Treasury Secretary George B. Cortelyou had come to New York over the weekend, promising to deposit $6 million in New York banks, and John D. Rockefeller offered $10 million more. But that hadn't done the trick. There was only one place to turn: J.P. Morgan & Co.
Wednesday morning, the corner of Wall and Broad was packed with people waiting for the banks to open so they could withdraw their money. By one o'clock, Trust Co. of America was down to $1.2 million on hand. An hour later, it had only $180,000. The bank's president rushed over to Morgan's office and asked for help. Morgan asked his lieutenants if the bank was sound. Told that it was, he said, "Then this is the place to stop the trouble." He ordered money sent over to allow Trust Co. of America to continue honoring withdrawals.
Morgan told Cortelyou to deposit money in the various trust companies that were under particular attack, but Cortelyou couldn't. Federal law required that Treasury deposits be placed in national banks only. So Morgan, unfazed, had Cortelyou deposit $35 million in national banks located in New York City and ordered them, in turn, to lend to the trust companies. They obeyed without question.
On Thursday, Oct. 24, leaders of the New York Stock Exchange went to Morgan and told him the Big Board would have to close unless some of the larger brokers could get money to handle their call-money operations, in which they lent to clients. Morgan flatly forbade the market to close and raised $27 million to tide the brokers over.
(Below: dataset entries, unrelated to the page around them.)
(* Let $n\ge2$, $\xi\in\mathbb{S}^{n-1}$ and $f\in C^2_c(\mathbb{R}^n)$. Then $$\lim_{p\to n+}\Big(1-\frac np\Big)^{\frac pn}\|\xi\|^n_{\Pi^{*,n/p}_{p,n}f}=\frac1n\|\xi\|^n_{\Pi^*_nf},$$ i.e. $\lim_{p\to n+}\big[(1-\frac np)\int_0^\infty t^{-n^2/p}\|\Delta_{t\xi}f\|_{L^p}^n\frac{dt}{t}\big]^{p/n}=\frac1n\int_{\mathbb{R}^n}|\nabla f(x)\cdot\xi|^ndx$.
   Context: $\Delta_hf(x)=f(x+h)-f(x)$. $\|\xi\|^{sq}_{\Pi^{*,s}_{p,q}f}=\int_0^\infty t^{-sq}\|\Delta_{t\xi}f\|^q_{L^p}\frac{dt}{t}$ (here $s=n/p$, $q=n$), and $\|\xi\|^n_{\Pi^*_nf}=\int_{\mathbb{R}^n}|\nabla f(x)\cdot\xi|^ndx$. *)

theory Defs
  imports "HOL-Analysis.Analysis"
begin

definition C2c_with_gradient :: "('a::euclidean_space \<Rightarrow> real) \<Rightarrow> ('a \<Rightarrow> 'a) \<Rightarrow> bool" where
  "C2c_with_gradient f g \<longleftrightarrow>
     (\<forall>x. (f has_derivative (\<lambda>h. g x \<bullet> h)) (at x)) \<and>
     (\<exists>H :: 'a \<Rightarrow> 'a \<Rightarrow>\<^sub>L 'a.
        (\<forall>x. (g has_derivative blinfun_apply (H x)) (at x)) \<and> continuous_on UNIV H) \<and>
     compact (closure {x. f x \<noteq> 0})"

definition Delta :: "'a::real_vector \<Rightarrow> ('a \<Rightarrow> real) \<Rightarrow> 'a \<Rightarrow> real" where
  "Delta h f x = f (x + h) - f x"

definition Lp_norm :: "real \<Rightarrow> ('a::euclidean_space \<Rightarrow> real) \<Rightarrow> real" where
  "Lp_norm p u = (\<integral>x. \<bar>u x\<bar> powr p \<partial>lborel) powr (1 / p)"

(* integral over t in (0,inf) of t^(-sq) * ||Delta_(t xi) f||_p^q dt/t, i.e. the (sq)-th power of the norm of xi w.r.t. the body Pi^{star,s}_{p,q} f *)
definition PiStar_spq_pow :: "real \<Rightarrow> real \<Rightarrow> real \<Rightarrow> ('a::euclidean_space \<Rightarrow> real) \<Rightarrow> 'a \<Rightarrow> real" where
  "PiStar_spq_pow s p q f \<xi> =
     (\<integral>t\<in>{0<..}. t powr (- s * q) * Lp_norm p (Delta (t *\<^sub>R \<xi>) f) powr q / t \<partial>lborel)"

end

theory Submission
  imports Defs
begin

(* Write phi_p(t) = ||Delta_{t xi} f||_p^n and eps = n (1 - n/p), so that
     (1 - n/p) t^(-n^2/p) phi_p(t) / t = (1/n) eps t^(eps - 1) phi_p(t) / t^n.
   As (p, t) -> (n+, 0+), phi_p(t) / t^n = ||Delta_{t xi} f / t||_p^n tends to
   int |grad f . xi|^n by dominated convergence, the difference quotients being bounded by the
   mean value theorem and supported in a fixed ball. On (0, 1] the probability densities
   eps t^(eps - 1) concentrate at t = 0 as eps -> 0, so that part of the integral tends to
   (1/n) int |grad f . xi|^n, while phi_p is bounded, so the part over t > 1 is O(1) and is
   killed by the factor 1 - n/p. Finally the outer exponent p/n tends to 1. *)

section \<open>Limits along product filters and dominated convergence\<close>

lemma eventually_prod_at_rightE:
  fixes a :: real
  assumes "\<forall>\<^sub>F (x, y) in F \<times>\<^sub>F at_right a. P x y"
  obtains Q b where "eventually Q F" "a < b" "\<And>x y. Q x \<Longrightarrow> a < y \<Longrightarrow> y < b \<Longrightarrow> P x y"
proof -
  obtain Q R where "eventually Q F" "eventually R (at_right a)" and "\<And>x y. Q x \<Longrightarrow> R y \<Longrightarrow> P x y"
    using assms unfolding eventually_prod_filter by blast
  moreover obtain b where "a < b" "\<And>y. a < y \<Longrightarrow> y < b \<Longrightarrow> R y"
    using \<open>eventually R (at_right a)\<close> unfolding eventually_at_right_field by blast
  ultimately show thesis
    using that by blast
qed
definition circuit :: "'a set \<Rightarrow> ('a set \<Rightarrow> bool) \<Rightarrow> 'a set \<Rightarrow> bool" where
  "circuit E indep C \<longleftrightarrow> C \<subseteq> E \<and> \<not> indep C \<and> (\<forall>D. D \<subset> C \<longrightarrow> indep D)"

text \<open>Cocircuit = circuit of the dual matroid: a minimal set D whose complement is not spanning.\<close>
definition cocircuit :: "'a set \<Rightarrow> ('a set \<Rightarrow> bool) \<Rightarrow> 'a set \<Rightarrow> bool" where
  "cocircuit E indep D \<longleftrightarrow> D \<subseteq> E \<and> rk indep (E - D) < rk indep E \<and>
     (\<forall>D'. D' \<subset> D \<longrightarrow> rk indep (E - D') = rk indep E)"

definition triangle :: "'a set \<Rightarrow> ('a set \<Rightarrow> bool) \<Rightarrow> 'a set \<Rightarrow> bool" where
  "triangle E indep T \<longleftrightarrow> circuit E indep T \<and> card T = 3"

definition line :: "'a set \<Rightarrow> ('a set \<Rightarrow> bool) \<Rightarrow> 'a set \<Rightarrow> bool" where
  "line E indep L \<longleftrightarrow> L \<subseteq> E \<and> rk indep L = 2"

definition simple :: "'a set \<Rightarrow> ('a set \<Rightarrow> bool) \<Rightarrow> bool" where
  "simple E indep \<longleftrightarrow> (\<forall>X. X \<subseteq> E \<and> card X \<le> 2 \<longrightarrow> indep X)"

definition k_separation :: "'a set \<Rightarrow> ('a set \<Rightarrow> bool) \<Rightarrow> nat \<Rightarrow> 'a set \<Rightarrow> bool" where
  "k_separation E indep k X \<longleftrightarrow> X \<subseteq> E \<and> card X \<ge> k \<and> card (E - X) \<ge> k \<and>
     rk indep X + rk indep (E - X) < rk indep E + k"

definition three_connected :: "'a set \<Rightarrow> ('a set \<Rightarrow> bool) \<Rightarrow> bool" where
  "three_connected E indep \<longleftrightarrow> (\<forall>k X. 1 \<le> k \<and> k < 3 \<longrightarrow> \<not> k_separation E indep k X)"

definition contract_indep :: "'a set \<Rightarrow> ('a set \<Rightarrow> bool) \<Rightarrow> 'a set \<Rightarrow> 'a set \<Rightarrow> bool" where
  "contract_indep E indep L X \<longleftrightarrow> X \<subseteq> E - L \<and> rk indep (X \<union> L) = card X + rk indep L"

definition restrict_indep :: "('a set \<Rightarrow> bool) \<Rightarrow> 'a set \<Rightarrow> 'a set \<Rightarrow> bool" where
  "restrict_indep indep S X \<longleftrightarrow> X \<subseteq> S \<and> indep X"

definition loop :: "'a set \<Rightarrow> ('a set \<Rightarrow> bool) \<Rightarrow> 'a \<Rightarrow> bool" where
  "loop E indep e \<longleftrightarrow> e \<in> E \<and> \<not> indep {e}"

definition par_eq :: "'a set \<Rightarrow> ('a set \<Rightarrow> bool) \<Rightarrow> 'a \<Rightarrow> 'a \<Rightarrow> bool" where
  "par_eq E indep e f \<longleftrightarrow> e \<in> E \<and> f \<in> E \<and> \<not> loop E indep e \<and> \<not> loop E indep f \<and>
     rk indep {e, f} = 1"

definition simplification_set :: "'a set \<Rightarrow> ('a set \<Rightarrow> bool) \<Rightarrow> 'a set \<Rightarrow> bool" where
  "simplification_set E indep S \<longleftrightarrow> S \<subseteq> E \<and> (\<forall>s\<in>S. \<not> loop E indep s) \<and>
     (\<forall>e\<in>E. \<not> loop E indep e \<longrightarrow> (\<exists>!s. s \<in> S \<and> par_eq E indep e s))"

text \<open>si(M) is 3-connected (independent of the choice of simplification up to isomorphism).\<close>
definition si_three_connected :: "'a set \<Rightarrow> ('a set \<Rightarrow> bool) \<Rightarrow> bool" where
  "si_three_connected E indep \<longleftrightarrow>
     (\<exists>S. simplification_set E indep S \<and> three_connected S (restrict_indep indep S))"

definition carambole :: "'a set \<Rightarrow> ('a set \<Rightarrow> bool) \<Rightarrow> nat \<Rightarrow> (nat \<Rightarrow> 'a) \<Rightarrow> (nat \<Rightarrow> 'a) \<Rightarrow> bool" where
  "carambole E indep n x y \<longleftrightarrow> n \<ge> 3 \<and>
     (\<forall>i\<in>{1..n}. x i \<in> E \<and> y i \<in> E) \<and>
     line E indep (y ` {1..n}) \<and> inj_on y {1..n} \<and>
     si_three_connected (E - y ` {1..n}) (contract_indep E indep (y ` {1..n})) \<and>
     (\<forall>i\<in>{1..n}. cocircuit E indep ((y ` {1..n} - {y i}) \<union> {x i}))"

end

theory Submission
  imports Defs
begin

text \<open>
  Write \<open>D\<^sub>i = (L - y\<^sub>i) \<union> x\<^sub>i\<close> for the cocircuits of the carambole; no \<open>y\<^sub>j\<close> with \<open>j \<noteq> i\<close>
  is spanned by the hyperplane \<open>E - D\<^sub>i\<close>. With submodularity this gives \<open>r (L \<union> e) = 3\<close> and
  \<open>r (L \<union> {e, f}) = 4\<close> for distinct \<open>e, f \<notin> L\<close>: otherwise either some \<open>y\<^sub>j\<close> is spanned by
  some \<open>E - D\<^sub>i\<close>, or enough of the \<open>x\<^sub>i\<close> lie in \<open>{e, f}\<close> that \<open>L \<union> {e, f}\<close>, of rank at most
  \<open>3\<close>, has a complement of corank at least \<open>2\<close>, a \<open>2\<close>-separation of \<open>M\<close>. So \<open>M/L\<close> is simple,
  hence equal to its simplification, which is \<open>3\<close>-connected by hypothesis. A triangle \<open>T\<close>
  meeting \<open>L\<close> but not contained in it would, by submodularity of \<open>r\<close> on \<open>T\<close> and \<open>L\<close>, make
  \<open>T - L\<close> a dependent set of at most two elements of \<open>M/L\<close>; a triangle avoiding \<open>L\<close> and
  containing \<open>x\<^sub>i\<close> would span \<open>x\<^sub>i\<close> from the hyperplane \<open>E - D\<^sub>i\<close>.
\<close>

lemma card_le_rk_of_finite:
  assumes "finite X" "I \<subseteq> X" "P I"
  shows "card I \<le> rk P X"
proof -
  have "finite {card I | I. I \<subseteq> X \<and> P I}"
    by (rule finite_subset[of _ "card ` Pow X"]) (auto simp: assms)
  then show ?thesis unfolding rk_def using assms by (intro Max_ge) auto
qed

lemma three_connected_if_simple_si_three_connected:
  assumes "finite E" "simple E P" "\<And>X. P X \<Longrightarrow> X \<subseteq> E" "si_three_connected E P"
  shows "three_connected E P"
proof -
  obtain S where S: "simplification_set E P S" "three_connected S (restrict_indep P S)"
    using assms(4) unfolding si_three_connected_def by blast
  have "e \<in> S" if e: "e \<in> E" for e
  proof -
    have "P {e}" using assms(2) e unfolding simple_def by simp
    then obtain s where s: "s \<in> S" "par_eq E P e s"
      using S(1) e unfolding simplification_set_def loop_def by blast
    have "s = e"
    proof (rule ccontr)
      assume ne: "s \<noteq> e"
      have "P {e, s}"
        using assms(2) e s(2) unfolding simple_def par_eq_def by (simp add: card_insert_if)
      then have "card {e, s} \<le> rk P {e, s}" by (intro card_le_rk_of_finite) auto
      then show False using s(2) ne unfolding par_eq_def by simp
    qed
    then show ?thesis using s(1) by simp
  qed
  moreover have "S \<subseteq> E" using S(1) unfolding simplification_set_def by simp
  ultimately have "S = E" by blast
  moreover have "restrict_indep P E = P" using assms(3) by (auto simp: restrict_indep_def)
  ultimately show ?thesis using S(2) by simp
qed
(* Let $k\ge2$, $n>2^k$ and $c=2^k-2$. Let $C=[u_1\oplus\ell_1]\cup\dots\cup[u_s\oplus\ell_s]\subseteq V$, where $0\le u_1<\dots<u_s\le n-1$ and $s$ is minimal. Then $C$ is a maximal covered set, i.e. $C=C(T)$ for some $T\in\mathcal{T}_k$ and there is no $T'\in\mathcal{T}_k$ with $C(T)\subsetneq C(T')$, if and only if (i) $u_1\neq 1$ and $u_s+\ell_s-1\neq n-2$; (ii) $u_{t+1}-(u_t+\ell_t)\ge 2$ for all $t\in\{1,\dots,s-1\}$, and $u_1-(u_s+\ell_s-n)\ge 2$; (iii) $\sum_{t=1}^s\ell_t=c+1-s$ if $\{0,n-1\}\cap C=\emptyset$, and $\sum_{t=1}^s\ell_t=c+2-s$ otherwise.
   Context: $G$ is the path graph with $V=\{0,\dots,n-1\}$ and edges $\{v,v+1\}$, $0\le v\le n-2$. A search strategy for a tree $H$ is a rooted binary tree defined recursively: a single node is a search strategy for any $H$; otherwise the root is labeled with an edge $uv$ of $H$ and its two child subtrees are search strategies for the components $H_u,H_v$ of $H-uv$ containing $u,v$. Nodes get vertex sets: the root gets $V(H)$, the children of a root labeled $uv$ get $V(H_u),V(H_v)$, recursively. $C(T)$ is the set of vertices $v$ with $V(\lambda)=\{v\}$ for a leaf $\lambda$ of $T$. The height of $T$ is the maximum number of edges on a root-to-leaf path; $\mathcal{T}_k$ is the set of search strategies for $G$ of height at most $k$. For integers $u,\ell$, $[u\oplus\ell]=\{w\bmod n: u\le w\le u+\ell-1\}$. *)

theory Defs
  imports Main
begin

text \<open>Search strategies for a subpath of the path graph with vertices a..b.
  A node Node v L R is labeled with the edge {v, v+1}.\<close>
datatype sstrat = Leaf | Node int sstrat sstrat

fun is_strat :: "int \<Rightarrow> int \<Rightarrow> sstrat \<Rightarrow> bool" where
  "is_strat a b Leaf = True"
| "is_strat a b (Node v L R) =
     (a \<le> v \<and> v + 1 \<le> b \<and> is_strat a v L \<and> is_strat (v + 1) b R)"
lemma min_regret_le_regret_lower_bound:
  "(1/24) * min (R * real (4 * m') * sqrt (real k * real T) + B * real (4 * m') * real k) (B * real k * real T)
     \<le> regret_lower_bound"
proof -
  let ?X = "R * real (4 * m') * sqrt (real k * real T)"
  let ?Y = "B * real (4 * m') * real k" and ?Z = "B * real k * real T"
  have A: "0 \<le> real m' * R * sqrt (real k * real n) / exp 1" using R by simp
  have B_part: "min ?Y ?Z / 24 \<le> B * real k * real groups / 2"
  proof -
    have "min (4 * real m') (real T) \<le> 4 * real groups" by (cases "m' \<le> T - n") auto
    then have "B * real k * min (4 * real m') (real T) \<le> B * real k * (4 * real groups)"
      using B by (intro mult_left_mono) auto
    moreover have "min ?Y ?Z = B * real k * min (4 * real m') (real T)"
      using B by (simp add: min_mult_distrib_left algebra_simps)
    ultimately have "min ?Y ?Z \<le> 4 * (B * real k * real groups)" by (simp add: algebra_simps)
    moreover have "0 \<le> B * real k * real groups" using B by simp
    ultimately show ?thesis by linarith
  qed
  show ?thesis
  proof (cases "T = 1")
    case True
    have "(1/24) * min (?X + ?Y) ?Z \<le> ?Z / 24" by simp
    also have "\<dots> \<le> B * real k * real groups / 2" using True B m' by simp
    finally have "(1/24) * min (?X + ?Y) ?Z \<le> B * real k * real groups / 2" .
    then show ?thesis using A unfolding regret_lower_bound_def by linarith
  next
    case False
    then have "2 \<le> T" using T by simp
    have "?X / 24 \<le> real m' * R * sqrt (real k * real n) / 3"
      using sqrt_kT_le[OF \<open>2 \<le> T\<close>] R by (simp add: mult_left_mono)
    also have "\<dots> \<le> real m' * R * sqrt (real k * real n) / exp 1"
      using exp_le R by (intro divide_left_mono) auto
    finally have "?X / 24 \<le> real m' * R * sqrt (real k * real n) / exp 1" .
    moreover have "0 \<le> ?X" using R by simp
    then have "min (?X + ?Y) ?Z \<le> ?X + min ?Y ?Z" by (auto simp: min_def)
    ultimately show ?thesis using B_part unfolding regret_lower_bound_def by linarith
  qed
qed
lemma shift_series_l2_bound:
  assumes a0: "a 0 \<noteq> 0" and mono: "\<And>n. cmod (a (Suc n)) \<le> cmod (a n)"
    and sq: "summable (\<lambda>n. (cmod (a n))\<^sup>2)"
    and B: "\<And>M. (\<Sum>k<M. (coeff_weight a d k)\<^sup>2) \<le> B"
    and x: "x \<in> l2"
  shows "shift_series a d x \<in> l2"
    and "l2norm (shift_series a d x) \<le> sqrt (shift_norm_const a * B) * l2norm x"
proof -
  define X where "X = (\<Sum>n. (cmod (x n))\<^sup>2)"
  define S where "S = (\<Sum>n. (cmod (a n))\<^sup>2)"
  have xs: "summable (\<lambda>n. (cmod (x n))\<^sup>2)" using x by (simp add: l2_def)
  have "0 \<le> B" using B[of 0] by simp
  have "(\<Sum>m<M. (cmod (shift_series a d x m))\<^sup>2) \<le> shift_norm_const a * B * X" for M
  proof -
    have x0: "(cmod (x 0))\<^sup>2 \<le> X"
      unfolding X_def using sum_le_suminf[OF xs, of "{0}"] by simp
    have conv: "(\<Sum>m<M. \<Sum>k<m. (cmod (a k))\<^sup>2 * (cmod (x (m - k)))\<^sup>2) \<le> S * X"
      unfolding S_def X_def
      by (rule order.trans[OF sum_convolution_le_product])
         (auto intro!: mult_mono sum_le_suminf sq xs suminf_nonneg sum_nonneg)
    have "(\<Sum>m<M. (cmod (shift_series a d x m))\<^sup>2)
      \<le> 2 * (cmod (x 0))\<^sup>2 * (\<Sum>m<M. (coeff_weight a d m)\<^sup>2)
        + 2 * B * (\<Sum>m<M. \<Sum>k<m. (cmod (a k))\<^sup>2 * (cmod (x (m - k)))\<^sup>2) / (cmod (a 0))\<^sup>2"
      using sum_mono[OF shift_series_coord_bound[OF a0 mono B, of x]]
      by (simp add: sum.distrib sum_distrib_left sum_divide_distrib mult_ac)
    also have "\<dots> \<le> 2 * X * B + 2 * B * (S * X) / (cmod (a 0))\<^sup>2"
      using x0 B[of M] conv \<open>0 \<le> B\<close> order.trans[OF zero_le_power2 x0]
      by (intro add_mono divide_right_mono mult_left_mono mult_mono sum_nonneg) auto
    also have "\<dots> = shift_norm_const a * B * X"
      using a0 by (simp add: shift_norm_const_def S_def field_simps)
    finally show ?thesis .
  qed
  note bound = l2_partial_sums_bounded[OF this]
  then show "shift_series a d x \<in> l2" by blast
  show "l2norm (shift_series a d x) \<le> sqrt (shift_norm_const a * B) * l2norm x"
    using bound(2) by (simp add: X_def l2norm_def real_sqrt_mult)
qed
He let it be known that any bears taking advantage of the situation would be "properly attended to."
That night, every important banker in New York met in Morgan's magnificent library on East 36th Street. While they met in one room trying to devise a plan to stabilize the situation, Morgan sat alone in his office, playing solitaire. "Why don't you tell them what to do?" his librarian asked.
"I DON'T KNOW WHAT TO DO," he answered with characteristic forthrightness. "But sometime, someone will come with a plan that I know will work, and then I will tell them what to do."
The plan that worked involved using interest-bearing certificates to settle accounts between the major banks at the New York Clearing House.
Morgan was the hero of the hour, but people realized that he was 70 years old, would not be around forever, and that his successors might not enjoy his power and prestige. Even the bank-hating heirs of Thomas Jefferson realized that the world's greatest economic power simply could no longer do without a central bank. In 1913, the year that Morgan died, the Federal Reserve came into being.
JOHN STEELE GORDON is an author of business books, most recently An Empire of Wealth: The Epic History of American Economic Power.